EXERCISE INSTRUCTIONS: Look through the records below for the line with "using nred_le[of n". Return that line and each one after it up to and including the line with "k' w = radial", exactly.

LISTED RECORDS:

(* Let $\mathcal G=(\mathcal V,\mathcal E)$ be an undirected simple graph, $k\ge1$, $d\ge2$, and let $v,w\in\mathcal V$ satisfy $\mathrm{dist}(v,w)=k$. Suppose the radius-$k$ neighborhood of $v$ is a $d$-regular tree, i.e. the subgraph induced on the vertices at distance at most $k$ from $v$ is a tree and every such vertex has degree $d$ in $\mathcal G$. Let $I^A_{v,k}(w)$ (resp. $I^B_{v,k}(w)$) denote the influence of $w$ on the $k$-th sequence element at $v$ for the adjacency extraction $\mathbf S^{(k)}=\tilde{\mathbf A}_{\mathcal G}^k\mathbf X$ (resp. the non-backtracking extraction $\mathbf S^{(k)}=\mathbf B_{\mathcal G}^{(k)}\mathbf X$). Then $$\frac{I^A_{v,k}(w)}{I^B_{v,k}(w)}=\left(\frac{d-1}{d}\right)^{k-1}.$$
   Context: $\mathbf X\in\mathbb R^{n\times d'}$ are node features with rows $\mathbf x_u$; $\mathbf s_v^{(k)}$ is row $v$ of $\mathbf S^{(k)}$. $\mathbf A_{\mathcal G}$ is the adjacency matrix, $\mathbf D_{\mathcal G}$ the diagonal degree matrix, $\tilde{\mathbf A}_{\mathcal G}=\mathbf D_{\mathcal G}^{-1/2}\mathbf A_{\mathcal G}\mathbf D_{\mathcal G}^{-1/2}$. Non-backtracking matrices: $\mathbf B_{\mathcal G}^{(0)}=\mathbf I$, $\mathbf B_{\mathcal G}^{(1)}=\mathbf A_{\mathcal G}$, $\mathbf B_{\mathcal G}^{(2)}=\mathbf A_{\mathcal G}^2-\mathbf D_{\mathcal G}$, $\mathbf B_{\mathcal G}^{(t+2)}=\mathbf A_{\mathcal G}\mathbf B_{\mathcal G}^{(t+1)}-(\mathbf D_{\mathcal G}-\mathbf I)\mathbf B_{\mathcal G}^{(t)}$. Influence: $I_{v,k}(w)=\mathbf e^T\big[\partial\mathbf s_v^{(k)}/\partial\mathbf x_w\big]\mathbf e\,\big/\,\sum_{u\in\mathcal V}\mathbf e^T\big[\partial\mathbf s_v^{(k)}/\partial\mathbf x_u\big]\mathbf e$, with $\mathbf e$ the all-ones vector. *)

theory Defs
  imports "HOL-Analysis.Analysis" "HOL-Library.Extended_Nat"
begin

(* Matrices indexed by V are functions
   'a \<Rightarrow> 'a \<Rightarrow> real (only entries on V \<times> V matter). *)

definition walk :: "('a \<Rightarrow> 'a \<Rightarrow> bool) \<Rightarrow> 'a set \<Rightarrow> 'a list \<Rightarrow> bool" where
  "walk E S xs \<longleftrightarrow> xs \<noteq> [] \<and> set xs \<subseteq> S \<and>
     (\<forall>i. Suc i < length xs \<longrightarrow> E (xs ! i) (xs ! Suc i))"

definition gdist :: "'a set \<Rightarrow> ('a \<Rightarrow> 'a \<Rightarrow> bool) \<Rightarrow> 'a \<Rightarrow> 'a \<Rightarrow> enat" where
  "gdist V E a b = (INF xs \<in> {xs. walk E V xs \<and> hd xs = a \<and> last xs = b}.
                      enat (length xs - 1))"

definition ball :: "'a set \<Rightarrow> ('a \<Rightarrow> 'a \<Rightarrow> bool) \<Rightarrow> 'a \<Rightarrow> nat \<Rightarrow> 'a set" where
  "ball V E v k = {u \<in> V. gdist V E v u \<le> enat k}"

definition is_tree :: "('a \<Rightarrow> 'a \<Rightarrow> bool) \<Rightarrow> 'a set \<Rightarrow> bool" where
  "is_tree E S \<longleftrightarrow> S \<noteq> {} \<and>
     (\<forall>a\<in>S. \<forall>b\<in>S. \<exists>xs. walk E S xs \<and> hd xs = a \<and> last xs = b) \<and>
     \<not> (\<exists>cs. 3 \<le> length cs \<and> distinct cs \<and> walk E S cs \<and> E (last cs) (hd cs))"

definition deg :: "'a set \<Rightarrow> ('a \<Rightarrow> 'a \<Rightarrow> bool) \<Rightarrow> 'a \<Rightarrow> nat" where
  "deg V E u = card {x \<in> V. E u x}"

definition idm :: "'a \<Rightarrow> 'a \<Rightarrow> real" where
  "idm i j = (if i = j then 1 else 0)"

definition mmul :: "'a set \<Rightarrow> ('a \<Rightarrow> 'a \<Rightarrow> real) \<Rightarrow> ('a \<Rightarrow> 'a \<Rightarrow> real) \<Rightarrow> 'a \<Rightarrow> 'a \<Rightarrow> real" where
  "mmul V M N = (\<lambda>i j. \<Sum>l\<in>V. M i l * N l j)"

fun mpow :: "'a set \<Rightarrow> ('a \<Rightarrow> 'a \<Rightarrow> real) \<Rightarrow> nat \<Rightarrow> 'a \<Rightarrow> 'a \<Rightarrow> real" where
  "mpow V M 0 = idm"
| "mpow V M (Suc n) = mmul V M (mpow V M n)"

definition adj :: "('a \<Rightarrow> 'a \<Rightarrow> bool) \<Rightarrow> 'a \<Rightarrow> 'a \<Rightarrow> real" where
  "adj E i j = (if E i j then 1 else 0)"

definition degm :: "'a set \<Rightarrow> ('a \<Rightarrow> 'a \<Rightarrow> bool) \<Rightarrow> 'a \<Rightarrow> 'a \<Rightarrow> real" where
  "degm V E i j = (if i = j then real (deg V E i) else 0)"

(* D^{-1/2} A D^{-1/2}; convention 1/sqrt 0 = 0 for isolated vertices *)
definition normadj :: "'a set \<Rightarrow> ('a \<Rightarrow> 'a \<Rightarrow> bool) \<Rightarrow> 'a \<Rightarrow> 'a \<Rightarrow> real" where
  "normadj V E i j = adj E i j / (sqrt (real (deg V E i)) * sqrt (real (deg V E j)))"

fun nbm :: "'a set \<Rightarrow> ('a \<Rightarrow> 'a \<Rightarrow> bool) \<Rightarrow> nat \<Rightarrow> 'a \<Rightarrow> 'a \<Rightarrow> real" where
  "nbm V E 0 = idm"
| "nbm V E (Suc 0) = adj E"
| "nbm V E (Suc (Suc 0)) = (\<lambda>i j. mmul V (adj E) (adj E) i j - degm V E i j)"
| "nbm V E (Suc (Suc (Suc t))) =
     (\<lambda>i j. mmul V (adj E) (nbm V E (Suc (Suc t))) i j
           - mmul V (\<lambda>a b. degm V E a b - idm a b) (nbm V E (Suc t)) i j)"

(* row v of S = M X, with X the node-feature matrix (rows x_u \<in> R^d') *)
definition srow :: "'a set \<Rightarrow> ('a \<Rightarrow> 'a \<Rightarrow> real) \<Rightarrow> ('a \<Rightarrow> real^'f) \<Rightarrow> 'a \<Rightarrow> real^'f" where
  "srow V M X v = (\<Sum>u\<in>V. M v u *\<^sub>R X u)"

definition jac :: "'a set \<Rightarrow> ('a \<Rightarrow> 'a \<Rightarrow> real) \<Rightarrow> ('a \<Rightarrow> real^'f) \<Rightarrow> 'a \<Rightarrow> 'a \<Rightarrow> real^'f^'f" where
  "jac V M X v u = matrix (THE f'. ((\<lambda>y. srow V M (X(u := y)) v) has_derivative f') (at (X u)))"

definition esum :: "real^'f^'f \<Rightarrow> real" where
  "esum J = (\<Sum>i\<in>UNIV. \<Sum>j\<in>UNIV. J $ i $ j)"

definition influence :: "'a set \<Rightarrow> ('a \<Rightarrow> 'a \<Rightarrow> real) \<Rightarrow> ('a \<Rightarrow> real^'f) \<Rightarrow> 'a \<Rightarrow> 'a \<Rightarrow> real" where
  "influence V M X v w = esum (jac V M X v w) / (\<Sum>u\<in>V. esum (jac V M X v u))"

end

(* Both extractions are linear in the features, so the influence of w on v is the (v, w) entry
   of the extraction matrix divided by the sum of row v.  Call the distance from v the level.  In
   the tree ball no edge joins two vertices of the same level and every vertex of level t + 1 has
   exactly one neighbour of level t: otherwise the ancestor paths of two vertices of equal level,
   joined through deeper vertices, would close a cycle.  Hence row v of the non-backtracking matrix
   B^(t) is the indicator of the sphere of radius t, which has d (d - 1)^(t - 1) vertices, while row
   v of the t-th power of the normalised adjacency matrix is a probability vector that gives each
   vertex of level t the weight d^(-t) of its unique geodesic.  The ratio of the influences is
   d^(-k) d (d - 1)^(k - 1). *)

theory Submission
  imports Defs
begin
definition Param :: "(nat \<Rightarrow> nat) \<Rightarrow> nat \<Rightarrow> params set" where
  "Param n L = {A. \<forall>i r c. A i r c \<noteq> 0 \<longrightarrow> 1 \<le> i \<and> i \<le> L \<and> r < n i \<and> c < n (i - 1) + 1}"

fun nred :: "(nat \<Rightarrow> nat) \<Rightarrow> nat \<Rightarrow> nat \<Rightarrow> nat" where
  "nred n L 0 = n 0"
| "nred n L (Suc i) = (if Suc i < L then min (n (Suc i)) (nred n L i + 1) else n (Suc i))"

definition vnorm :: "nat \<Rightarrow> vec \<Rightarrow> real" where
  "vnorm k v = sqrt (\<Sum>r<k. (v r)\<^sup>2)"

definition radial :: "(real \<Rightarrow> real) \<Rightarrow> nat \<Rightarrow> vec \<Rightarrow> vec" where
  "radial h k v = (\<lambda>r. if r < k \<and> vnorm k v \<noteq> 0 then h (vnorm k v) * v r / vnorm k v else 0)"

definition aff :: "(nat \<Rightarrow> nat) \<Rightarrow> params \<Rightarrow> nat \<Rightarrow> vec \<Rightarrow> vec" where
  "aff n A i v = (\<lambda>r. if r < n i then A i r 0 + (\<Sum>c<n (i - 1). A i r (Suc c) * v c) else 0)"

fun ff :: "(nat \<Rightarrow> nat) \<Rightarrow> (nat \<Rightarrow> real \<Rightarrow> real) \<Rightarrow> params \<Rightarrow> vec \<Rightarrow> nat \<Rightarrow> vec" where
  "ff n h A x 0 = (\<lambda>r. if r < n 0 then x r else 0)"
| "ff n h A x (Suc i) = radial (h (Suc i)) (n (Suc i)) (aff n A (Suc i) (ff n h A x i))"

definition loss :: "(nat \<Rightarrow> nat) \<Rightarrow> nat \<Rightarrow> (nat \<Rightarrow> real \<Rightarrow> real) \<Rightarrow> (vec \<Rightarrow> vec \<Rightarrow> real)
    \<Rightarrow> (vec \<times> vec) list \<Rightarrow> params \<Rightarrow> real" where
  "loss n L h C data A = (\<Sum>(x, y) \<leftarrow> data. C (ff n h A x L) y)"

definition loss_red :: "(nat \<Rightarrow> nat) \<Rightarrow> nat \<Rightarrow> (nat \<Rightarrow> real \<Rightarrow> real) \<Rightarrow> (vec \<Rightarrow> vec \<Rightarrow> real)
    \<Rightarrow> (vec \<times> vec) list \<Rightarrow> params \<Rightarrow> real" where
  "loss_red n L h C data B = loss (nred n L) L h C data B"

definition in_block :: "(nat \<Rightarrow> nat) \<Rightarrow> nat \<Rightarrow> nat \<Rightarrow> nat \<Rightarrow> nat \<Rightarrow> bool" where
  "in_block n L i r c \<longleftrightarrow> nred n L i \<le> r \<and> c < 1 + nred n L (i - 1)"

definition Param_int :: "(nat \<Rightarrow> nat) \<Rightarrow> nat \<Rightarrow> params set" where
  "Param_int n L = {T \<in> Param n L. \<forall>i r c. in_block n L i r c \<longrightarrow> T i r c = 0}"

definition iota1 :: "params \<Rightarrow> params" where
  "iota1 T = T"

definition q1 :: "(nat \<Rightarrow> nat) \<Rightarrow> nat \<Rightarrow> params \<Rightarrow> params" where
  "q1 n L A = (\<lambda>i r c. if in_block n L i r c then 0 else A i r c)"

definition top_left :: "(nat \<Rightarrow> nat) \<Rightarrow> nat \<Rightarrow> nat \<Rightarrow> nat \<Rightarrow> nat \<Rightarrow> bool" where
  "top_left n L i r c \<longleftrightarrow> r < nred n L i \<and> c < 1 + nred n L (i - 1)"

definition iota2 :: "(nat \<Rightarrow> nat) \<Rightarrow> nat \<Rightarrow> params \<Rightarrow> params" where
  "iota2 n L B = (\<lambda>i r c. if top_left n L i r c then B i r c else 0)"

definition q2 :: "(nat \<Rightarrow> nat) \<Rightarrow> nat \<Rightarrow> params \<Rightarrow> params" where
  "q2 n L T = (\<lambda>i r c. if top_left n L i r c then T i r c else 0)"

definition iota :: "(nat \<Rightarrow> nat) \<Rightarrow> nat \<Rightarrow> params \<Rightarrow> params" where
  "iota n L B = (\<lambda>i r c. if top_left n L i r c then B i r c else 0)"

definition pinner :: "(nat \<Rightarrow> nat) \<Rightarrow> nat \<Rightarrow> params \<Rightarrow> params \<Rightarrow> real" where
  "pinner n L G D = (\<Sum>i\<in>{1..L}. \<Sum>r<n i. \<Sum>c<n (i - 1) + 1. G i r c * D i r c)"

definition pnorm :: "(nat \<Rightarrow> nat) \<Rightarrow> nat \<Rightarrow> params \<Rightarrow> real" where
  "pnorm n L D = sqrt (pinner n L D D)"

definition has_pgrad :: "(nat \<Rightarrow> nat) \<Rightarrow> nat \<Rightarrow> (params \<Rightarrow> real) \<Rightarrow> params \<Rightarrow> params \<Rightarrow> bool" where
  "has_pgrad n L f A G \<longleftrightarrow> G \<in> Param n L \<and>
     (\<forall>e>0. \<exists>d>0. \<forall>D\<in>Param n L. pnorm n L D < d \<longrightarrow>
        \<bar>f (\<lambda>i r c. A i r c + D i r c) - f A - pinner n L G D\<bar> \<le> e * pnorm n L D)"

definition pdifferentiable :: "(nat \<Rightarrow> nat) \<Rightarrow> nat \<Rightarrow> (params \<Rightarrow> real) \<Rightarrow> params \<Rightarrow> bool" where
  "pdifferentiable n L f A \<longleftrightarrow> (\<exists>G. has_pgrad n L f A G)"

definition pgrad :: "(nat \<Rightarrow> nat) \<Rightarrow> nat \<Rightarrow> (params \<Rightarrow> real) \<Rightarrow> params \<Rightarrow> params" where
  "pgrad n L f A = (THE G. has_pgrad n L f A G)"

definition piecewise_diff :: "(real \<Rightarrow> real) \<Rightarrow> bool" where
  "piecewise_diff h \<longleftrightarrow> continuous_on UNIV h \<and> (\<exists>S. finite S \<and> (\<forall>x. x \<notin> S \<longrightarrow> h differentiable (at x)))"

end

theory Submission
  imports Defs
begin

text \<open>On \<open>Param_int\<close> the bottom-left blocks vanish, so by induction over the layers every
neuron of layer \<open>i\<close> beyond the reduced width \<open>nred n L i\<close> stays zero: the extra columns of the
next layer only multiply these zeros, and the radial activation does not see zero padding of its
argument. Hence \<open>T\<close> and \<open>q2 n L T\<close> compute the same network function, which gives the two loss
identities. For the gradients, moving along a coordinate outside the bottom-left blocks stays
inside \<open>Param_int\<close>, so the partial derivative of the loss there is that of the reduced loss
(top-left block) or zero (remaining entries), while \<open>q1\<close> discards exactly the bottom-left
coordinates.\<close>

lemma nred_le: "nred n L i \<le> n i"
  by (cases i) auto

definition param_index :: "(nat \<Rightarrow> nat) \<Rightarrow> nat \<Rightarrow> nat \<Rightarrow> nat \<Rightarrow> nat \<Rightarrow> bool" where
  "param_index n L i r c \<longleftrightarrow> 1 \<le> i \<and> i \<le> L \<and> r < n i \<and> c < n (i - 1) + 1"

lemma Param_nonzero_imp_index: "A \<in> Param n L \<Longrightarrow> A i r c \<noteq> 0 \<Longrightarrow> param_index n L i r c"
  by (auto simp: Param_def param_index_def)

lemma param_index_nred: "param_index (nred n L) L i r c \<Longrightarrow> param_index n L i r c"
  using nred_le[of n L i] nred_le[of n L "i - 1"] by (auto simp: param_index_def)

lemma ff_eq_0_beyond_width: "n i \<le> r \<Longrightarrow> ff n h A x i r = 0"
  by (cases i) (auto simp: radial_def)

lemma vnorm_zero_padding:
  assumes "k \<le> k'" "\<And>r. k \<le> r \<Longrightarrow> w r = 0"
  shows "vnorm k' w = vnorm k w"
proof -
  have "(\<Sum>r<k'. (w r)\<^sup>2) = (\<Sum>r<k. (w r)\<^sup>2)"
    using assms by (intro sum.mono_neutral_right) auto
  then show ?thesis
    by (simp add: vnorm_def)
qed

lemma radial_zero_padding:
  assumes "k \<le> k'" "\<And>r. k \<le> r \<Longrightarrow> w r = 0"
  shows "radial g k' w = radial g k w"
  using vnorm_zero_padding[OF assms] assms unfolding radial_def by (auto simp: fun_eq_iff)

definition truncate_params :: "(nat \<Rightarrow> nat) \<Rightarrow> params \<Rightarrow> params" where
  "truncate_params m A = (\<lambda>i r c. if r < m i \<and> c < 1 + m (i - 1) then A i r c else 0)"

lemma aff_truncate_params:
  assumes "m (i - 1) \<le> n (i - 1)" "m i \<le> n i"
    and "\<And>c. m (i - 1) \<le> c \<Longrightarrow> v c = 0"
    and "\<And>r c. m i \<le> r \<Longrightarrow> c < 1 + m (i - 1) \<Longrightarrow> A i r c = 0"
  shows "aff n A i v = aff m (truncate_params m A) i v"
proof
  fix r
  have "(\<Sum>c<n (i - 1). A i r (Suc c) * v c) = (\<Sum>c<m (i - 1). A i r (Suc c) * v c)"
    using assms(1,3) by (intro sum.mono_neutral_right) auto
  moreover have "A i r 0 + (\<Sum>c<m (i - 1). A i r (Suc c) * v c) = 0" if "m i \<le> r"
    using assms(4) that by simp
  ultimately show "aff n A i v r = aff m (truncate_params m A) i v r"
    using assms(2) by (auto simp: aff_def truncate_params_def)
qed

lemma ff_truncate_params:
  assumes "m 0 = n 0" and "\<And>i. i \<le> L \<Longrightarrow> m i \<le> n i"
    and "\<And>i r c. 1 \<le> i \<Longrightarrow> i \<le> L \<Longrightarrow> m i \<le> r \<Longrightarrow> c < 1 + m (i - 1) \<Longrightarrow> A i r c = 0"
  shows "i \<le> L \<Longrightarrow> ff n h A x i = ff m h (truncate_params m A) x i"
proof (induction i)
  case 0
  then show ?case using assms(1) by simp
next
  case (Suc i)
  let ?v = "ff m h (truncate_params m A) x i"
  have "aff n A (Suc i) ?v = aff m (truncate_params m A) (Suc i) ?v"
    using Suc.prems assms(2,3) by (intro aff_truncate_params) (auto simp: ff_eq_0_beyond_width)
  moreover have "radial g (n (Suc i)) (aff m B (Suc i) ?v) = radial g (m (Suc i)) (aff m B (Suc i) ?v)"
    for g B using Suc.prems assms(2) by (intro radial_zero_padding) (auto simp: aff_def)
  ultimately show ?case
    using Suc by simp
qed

SOLUTION FOR THIS TASK:
  using nred_le[of n L i] nred_le[of n L "i - 1"] by (auto simp: param_index_def)

lemma ff_eq_0_beyond_width: "n i \<le> r \<Longrightarrow> ff n h A x i r = 0"
  by (cases i) (auto simp: radial_def)

lemma vnorm_zero_padding:
  assumes "k \<le> k'" "\<And>r. k \<le> r \<Longrightarrow> w r = 0"
  shows "vnorm k' w = vnorm k w"
proof -
  have "(\<Sum>r<k'. (w r)\<^sup>2) = (\<Sum>r<k. (w r)\<^sup>2)"
    using assms by (intro sum.mono_neutral_right) auto
  then show ?thesis
    by (simp add: vnorm_def)
qed

lemma radial_zero_padding:
  assumes "k \<le> k'" "\<And>r. k \<le> r \<Longrightarrow> w r = 0"
  shows "radial g k' w = radial g k w"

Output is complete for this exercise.